In 1910, the first vitamin complex was isolated by Japanese scientist Umetaro Suzuki, who succeeded in extracting a water soluble complex of micronutrients from rice bran and named it aberic acid (later orizanin).

Vitamin K is a group of structurally similar, fat soluble vitamins that are needed for the post-translational modification of certain proteins, mostly required for blood coagulation but also involved in metabolic pathways in bone and other tissue. They are 2-methyl-1, 4-naphthoquinone derivatives. This group of vitamins includes two natural vitamins: vitamin K₁ and vitamin K₂. Vitamin K₃ is a synthetic form of vitamin K.

All vitamins are not produced commercially. Through improvements in the methods, the prices of vitamins have dropped to a fraction of the 1945 prices. As a result, vitamins are readily available not for the humans but for animals consumption ⁶.

Vitamin K₃ is a polycyclic aromatic ketone, based on 1, 4-naphthoquinone with a 2-methyl substituent. Vitamin K₃ is also known as menadione or 2-methyl-1, 4-naphthoquinone (2MNQ) ⁷.

Vitamin K₃ shows bright yellow crystals. It has special pungent smell. It is insoluble in water, but soluble in ethanol, benzene, chloroform, carbon tetrachloride and vegetable oils etc. It is instable in the air and decomposed when meeting iron. It can be volatilized along with vapor. It has toxicity and strong irritant effect on skin ⁸.

It as an almost order less, light sensitive bright yellow crystalline powder with an empirical formula of C₁₁H₈O₂. 2MNQ is insoluble in water but soluble in vegetable oils, acetone and benzene and slightly soluble in alcohol and chloroform ⁹.

Melting Range 105-107º C ⁹

Molecular weight 172.2

IUPAC range 2-Methylnaphthalene-1, 4-Dione

Synonyms 2-Methyl-1, 4-Naphthoquinone

Vitamin K₃, Menapthone,

2-Methyl-1, 4-Naphthalenedione.

Phylloquinone (Vitamin K₁) is a gold-yellow oil with a refractive index α_D²⁰ = 1.525 – 1.528 and specific rotation [d]_D^{2 5} = +0.28º. Various menaquinone have been crystallized from the organic solvent; they melt between 35 and 65ºC, depending on the length of the isoprenoid chain. The K vitamins are sensitive to light. They are also sensitive to alkali, but are relatively stable ⁶.

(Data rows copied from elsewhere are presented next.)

lemma series_le_1_if_le_inverse_squares:
  fixes v :: "nat \<Rightarrow> real"
  assumes nonneg: "\<And>n. 0 \<le> v n" and "v 0 = 0" and le: "\<And>n. v n \<le> 1 / real (Suc n) ^ 2"
  shows "summable v \<and> suminf v \<le> 1"
proof -
  define t where "t = (\<lambda>n. 1 / real (Suc n) - 1 / real (Suc (Suc n)))"
  have "(\<lambda>n. 1 / real (Suc n)) \<longlonglongrightarrow> 0"
    using LIMSEQ_inverse_real_of_nat by (simp add: inverse_eq_divide)
  from telescope_sums'[OF this] have "t sums 1"
    unfolding t_def by simp
  have v_le_t: "v (Suc n) \<le> t n" for n
  proof -
    have "real (Suc n) * real (Suc (Suc n)) \<le> real (Suc (Suc n)) ^ 2"
      unfolding power2_eq_square by (intro mult_right_mono) auto
    then have "1 / real (Suc (Suc n)) ^ 2 \<le> 1 / (real (Suc n) * real (Suc (Suc n)))"
      by (rule divide_left_mono) (simp_all del: of_nat_Suc)
    also have "\<dots> = t n"
      by (simp add: t_def field_simps)
    finally show ?thesis
      using le[of "Suc n"] by linarith
  qed
  have "summable (\<lambda>n. v (Suc n))"
    by (rule summable_comparison_test'[OF sums_summable[OF \<open>t sums 1\<close>]]) (simp add: nonneg v_le_t)
  then have "summable v"
    by (simp add: summable_Suc_iff)
  have "suminf v = (\<Sum>n. v (Suc n))"
    using suminf_split_head[OF \<open>summable v\<close>] \<open>v 0 = 0\<close> by simp
  also have "\<dots> \<le> suminf t"
    using v_le_t \<open>summable (\<lambda>n. v (Suc n))\<close> sums_summable[OF \<open>t sums 1\<close>] by (intro suminf_le) auto
  also have "\<dots> = 1"
    using \<open>t sums 1\<close> sums_unique by metis
  finally show ?thesis
    using \<open>summable v\<close> by simp
qed

locale random_cubic_model = prob_space M for M :: "'a measure" +
  fixes X :: "nat \<Rightarrow> 'a \<Rightarrow> complex"
  assumes measurable_X [measurable]: "\<And>p. prime p \<Longrightarrow> X p \<in> borel_measurable M"
    and indep_X: "indep_vars (\<lambda>_. borel) X {p. prime p}"
    and prob_X_eq_0: "\<And>p. prime p \<Longrightarrow> prob {\<omega>\<in>space M. X p \<omega> = 0} = delta p"
    and prob_X_eq_root: "\<And>p z. prime p \<Longrightarrow> z \<in> {1, omega3, omega3\<^sup>2} \<Longrightarrow>
                           prob {\<omega>\<in>space M. X p \<omega> = z} = (1 - delta p) / 3"
begin

lemma AE_X_in_cube_roots_or_0:
  assumes "prime p"
  shows "AE \<omega> in M. X p \<omega> \<in> {0, 1, omega3, omega3 ^ 2}"
  using assms by (intro AE_in_finite_range)
    (simp_all add: sum_zero_and_cube_roots prob_X_eq_0 prob_X_eq_root field_simps)

lemma has_bochner_integral_X_power:
  assumes "prime p"
  shows "has_bochner_integral M (\<lambda>\<omega>. X p \<omega> ^ a)
           (of_real (delta p) * 0 ^ a + of_real ((1 - delta p) / 3) * (1 + omega3 ^ a + omega3 ^ (2 * a)))"
  using has_bochner_integral_finite_range[OF _ _ _ AE_X_in_cube_roots_or_0, of p "\<lambda>v. v ^ a"] assms
  by (simp add: sum_zero_and_cube_roots prob_X_eq_0 prob_X_eq_root scaleR_conv_of_real
      algebra_simps power_mult[symmetric])

lemma integrable_X_power: "prime p \<Longrightarrow> integrable M (\<lambda>\<omega>. X p \<omega> ^ a)"
  by (rule integrable.intros[OF has_bochner_integral_X_power])

lemma expectation_X_power:
  assumes "prime p" "a > 0"
  shows "(\<integral>\<omega>. X p \<omega> ^ a \<partial>M) = (if 3 dvd a then of_real (1 - delta p) else 0)"
proof -
  have "(\<integral>\<omega>. X p \<omega> ^ a \<partial>M) =
          of_real (delta p) * 0 ^ a + of_real ((1 - delta p) / 3) * (1 + omega3 ^ a + omega3 ^ (2 * a))"
    by (rule has_bochner_integral_integral_eq[OF has_bochner_integral_X_power[OF assms(1)]])
  also have "\<dots> = of_real ((1 - delta p) / 3) * (if 3 dvd a then 3 else 0)"
    using assms(2) by (simp add: cube_roots_power_sum)
  also have "\<dots> = (if 3 dvd a then of_real (1 - delta p) else 0)"
    by (simp add: of_real_divide)
  finally show ?thesis .
qed

lemma expectation_mult_ext_prod:
  "(\<integral>\<omega>. mult_ext X m \<omega> \<partial>M) = (\<Prod>p\<in>prime_factors m. \<integral>\<omega>. X p \<omega> ^ multiplicity p m \<partial>M)"
proof -
  have "prime_factors m \<subseteq> {p. prime p}"
    by (auto intro: in_prime_factors_imp_prime)
  then have indep: "indep_vars (\<lambda>_. borel) (\<lambda>p \<omega>. X p \<omega> ^ multiplicity p m) (prime_factors m)"
    by (intro indep_vars_compose2[OF indep_vars_subset[OF indep_X]]) auto
  show ?thesis
    unfolding mult_ext_def
    by (rule indep_vars_lebesgue_integral[OF finite_set_mset indep])
      (simp add: integrable_X_power in_prime_factors_imp_prime)
qed

lemma expectation_mult_ext:
  assumes "m > 0"
  shows "(\<integral>\<omega>. mult_ext X m \<omega> \<partial>M) =
           (if \<exists>n. m = n ^ 3 then of_real (\<Prod>p\<in>prime_factors m. 1 - delta p) else 0)"
proof -
  have "(\<integral>\<omega>. mult_ext X m \<omega> \<partial>M) =
          (\<Prod>p\<in>prime_factors m. if 3 dvd multiplicity p m then of_real (1 - delta p) else 0)"
    unfolding expectation_mult_ext_prod using assms
    by (intro prod.cong refl expectation_X_power)
      (auto intro: in_prime_factors_imp_prime simp: prime_factors_multiplicity)
  then show ?thesis
    using assms by (auto simp: cube_iff_multiplicities_dvd of_real_prod)
qed

lemma measurable_mult_ext [measurable]: "mult_ext X m \<in> borel_measurable M"
proof -
  have [measurable]: "X p \<in> borel_measurable M" if "p \<in> prime_factors m" for p
    using that by (blast intro: measurable_X in_prime_factors_imp_prime)
  show ?thesis
    unfolding mult_ext_def by measurable
qed

lemma AE_norm_mult_ext_le_1: "AE \<omega> in M. norm (mult_ext X m \<omega>) \<le> 1"
proof -
  have "AE \<omega> in M. \<forall>p\<in>prime_factors m. X p \<omega> \<in> {0, 1, omega3, omega3 ^ 2}"
    by (intro AE_finite_allI AE_X_in_cube_roots_or_0) (auto intro: in_prime_factors_imp_prime)
  then show ?thesis
  proof eventually_elim
    case (elim \<omega>)
    then have "norm (X p \<omega>) \<le> 1" if "p \<in> prime_factors m" for p
      using that by (auto simp: norm_power)
    then show ?case
      unfolding mult_ext_def prod_norm[symmetric] norm_power by (auto intro!: prod_le_1 power_le_one)
  qed
qed

lemma cvariance_mult_ext_le:
  assumes "m > 0"
  shows "cvariance M (\<lambda>\<omega>. mult_ext X m \<omega> / of_nat m) \<le> 1 / real m ^ 2"
proof -
  define Z where "Z = (\<lambda>\<omega>. mult_ext X m \<omega> / of_nat m)"
  have Z_norm: "AE \<omega> in M. norm (Z \<omega>) \<le> 1 / real m"
    using AE_norm_mult_ext_le_1[of m]
    by eventually_elim (simp add: Z_def norm_divide divide_right_mono)
  then have Z_bound: "AE \<omega> in M. (cmod (Z \<omega>))\<^sup>2 \<le> 1 / real m ^ 2"
  proof eventually_elim
    case (elim \<omega>)
    then have "(cmod (Z \<omega>))\<^sup>2 \<le> (1 / real m)\<^sup>2"
      by (intro power_mono) auto
    then show ?case
      by (simp add: power_divide)
  qed
  have "integrable M Z"
    using Z_norm by (intro integrable_const_bound[where B = "1 / real m"]) (auto simp: Z_def)
  moreover have "integrable M (\<lambda>\<omega>. (cmod (Z \<omega>))\<^sup>2)"
    using Z_bound by (intro integrable_const_bound[where B = "1 / real m ^ 2"]) (auto simp: Z_def)
  ultimately have "cvariance M Z \<le> (\<integral>\<omega>. (cmod (Z \<omega>))\<^sup>2 \<partial>M)"
    by (rule cvariance_le_second_moment)
  also have "\<dots> \<le> 1 / real m ^ 2"
    using Z_bound \<open>integrable M (\<lambda>\<omega>. (cmod (Z \<omega>))\<^sup>2)\<close> by (rule integral_le_const[rotated])
  finally show ?thesis
    unfolding Z_def .
qed

lemma expectation_series_le_zeta3:
  "\<exists>s::real. (\<lambda>n. \<integral>\<omega>. mult_ext X (Suc n) \<omega> / of_nat (Suc n) \<partial>M) sums complex_of_real s
              \<and> s \<le> zeta3"
proof -
  define e where "e m = (if \<exists>n. m = n ^ 3 then \<Prod>p\<in>prime_factors m. 1 - delta p else 0)" for m
  have "0 \<le> e m \<and> e m \<le> 1" for m
    unfolding e_def using delta_nonneg delta_le_1
    by (auto intro!: prod_nonneg prod_le_1 simp: algebra_simps)
  moreover have "e m \<noteq> 0 \<Longrightarrow> \<exists>n. m = n ^ 3" for m
    by (auto simp: e_def split: if_splits)
  ultimately obtain s where "(\<lambda>n. e (Suc n) / real (Suc n)) sums s" "s \<le> zeta3"
    using cube_supported_series_le_zeta3 by blast
  moreover have "(\<lambda>n. \<integral>\<omega>. mult_ext X (Suc n) \<omega> / of_nat (Suc n) \<partial>M) =
                 (\<lambda>n. of_real (e (Suc n) / real (Suc n)))"
  proof
    fix n
    show "(\<integral>\<omega>. mult_ext X (Suc n) \<omega> / of_nat (Suc n) \<partial>M) =
            of_real (e (Suc n) / real (Suc n))"
      using expectation_mult_ext[of "Suc n"]
      by (auto simp: e_def of_real_divide simp del: of_nat_Suc)
  qed
  ultimately show ?thesis
    using sums_of_real by metis
qed

lemma variance_series_le_1:
  "summable (\<lambda>n. cvariance M (\<lambda>\<omega>. mult_ext X (Suc n) \<omega> / of_nat (Suc n)))
   \<and> (\<Sum>n. cvariance M (\<lambda>\<omega>. mult_ext X (Suc n) \<omega> / of_nat (Suc n))) \<le> 1"
proof (rule series_le_1_if_le_inverse_squares)
  show "0 \<le> cvariance M (\<lambda>\<omega>. mult_ext X (Suc n) \<omega> / of_nat (Suc n))" for n
    unfolding cvariance_def by (rule integral_nonneg_AE) auto
  show "cvariance M (\<lambda>\<omega>. mult_ext X (Suc 0) \<omega> / of_nat (Suc 0)) = 0"
    using cvariance_const[of 1] by (simp add: mult_ext_def)
  show "cvariance M (\<lambda>\<omega>. mult_ext X (Suc n) \<omega> / of_nat (Suc n)) \<le> 1 / real (Suc n) ^ 2" for n
    using cvariance_mult_ext_le[of "Suc n"] by simp
qed

end

theorem lemma4p2:
  fixes M :: "'a measure" and X :: "nat \<Rightarrow> 'a \<Rightarrow> complex"
  assumes prob: "prob_space M"
    and meas: "\<And>p. prime p \<Longrightarrow> X p \<in> borel_measurable M"
    and indep: "prob_space.indep_vars M (\<lambda>_. borel) X {p. prime p}"
    and dist0: "\<And>p. prime p \<Longrightarrow> measure M {\<omega>\<in>space M. X p \<omega> = 0} = delta p"
    and dist1: "\<And>p z. prime p \<Longrightarrow> z \<in> {1, omega3, omega3\<^sup>2} \<Longrightarrow>
                 measure M {\<omega>\<in>space M. X p \<omega> = z} = (1 - delta p) / 3"
  shows "(\<forall>m::nat. m > 0 \<longrightarrow>
            (\<integral>\<omega>. mult_ext X m \<omega> \<partial>M) =
              (if \<exists>n. m = n ^ 3
               then complex_of_real (\<Prod>p\<in>prime_factors m. 1 - delta p)
               else 0)
          \<and> ((\<exists>n. m = n ^ 3) \<longrightarrow>
              (\<Prod>p\<in>prime_factors m. 1 - delta p) =
              (\<Prod>p\<in>{p\<in>prime_factors m. p mod 3 = 1}. real p / (real p + 2))))
       \<and> (\<exists>s::real. (\<lambda>n. \<integral>\<omega>. mult_ext X (Suc n) \<omega> / of_nat (Suc n) \<partial>M) sums complex_of_real s
                    \<and> s \<le> zeta3)
       \<and> summable (\<lambda>n. cvariance M (\<lambda>\<omega>. mult_ext X (Suc n) \<omega> / of_nat (Suc n)))
       \<and> (\<Sum>n. cvariance M (\<lambda>\<omega>. mult_ext X (Suc n) \<omega> / of_nat (Suc n))) \<le> zeta6"
proof -
  interpret random_cubic_model M X
    using assms by (simp add: random_cubic_model_def random_cubic_model_axioms_def)
  show ?thesis
    using expectation_mult_ext prod_one_minus_delta expectation_series_le_zeta3
      variance_series_le_1 one_le_zeta6 by auto
qed

end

Vitamin K occurring in the nature exists in two forms: phylloquinone occurring in green plants (Vitamin K₁) another is methyl napthoquinone synthesized in animals and other microorganisms (Vitamin K₂). Artificially synthesized Vitamins are Vitamin K₃ and Vitamin K₄¹⁰.

2-methyl-1, 4-napthquinone has been used as an anti-hemorrhagic substance and also in the preparation of other anti-hemorrhagic compounds such as (Vitamin K₁), 2-methyl-3-phytyl-1, 4-naphthoquinone and 2-methyl-1, 4-napthoquinone-3-acetic acid ¹².

Anticarcinogenic activities of vitamin K have been observed in various cancer cell lines, including prostate cancer cells ¹³.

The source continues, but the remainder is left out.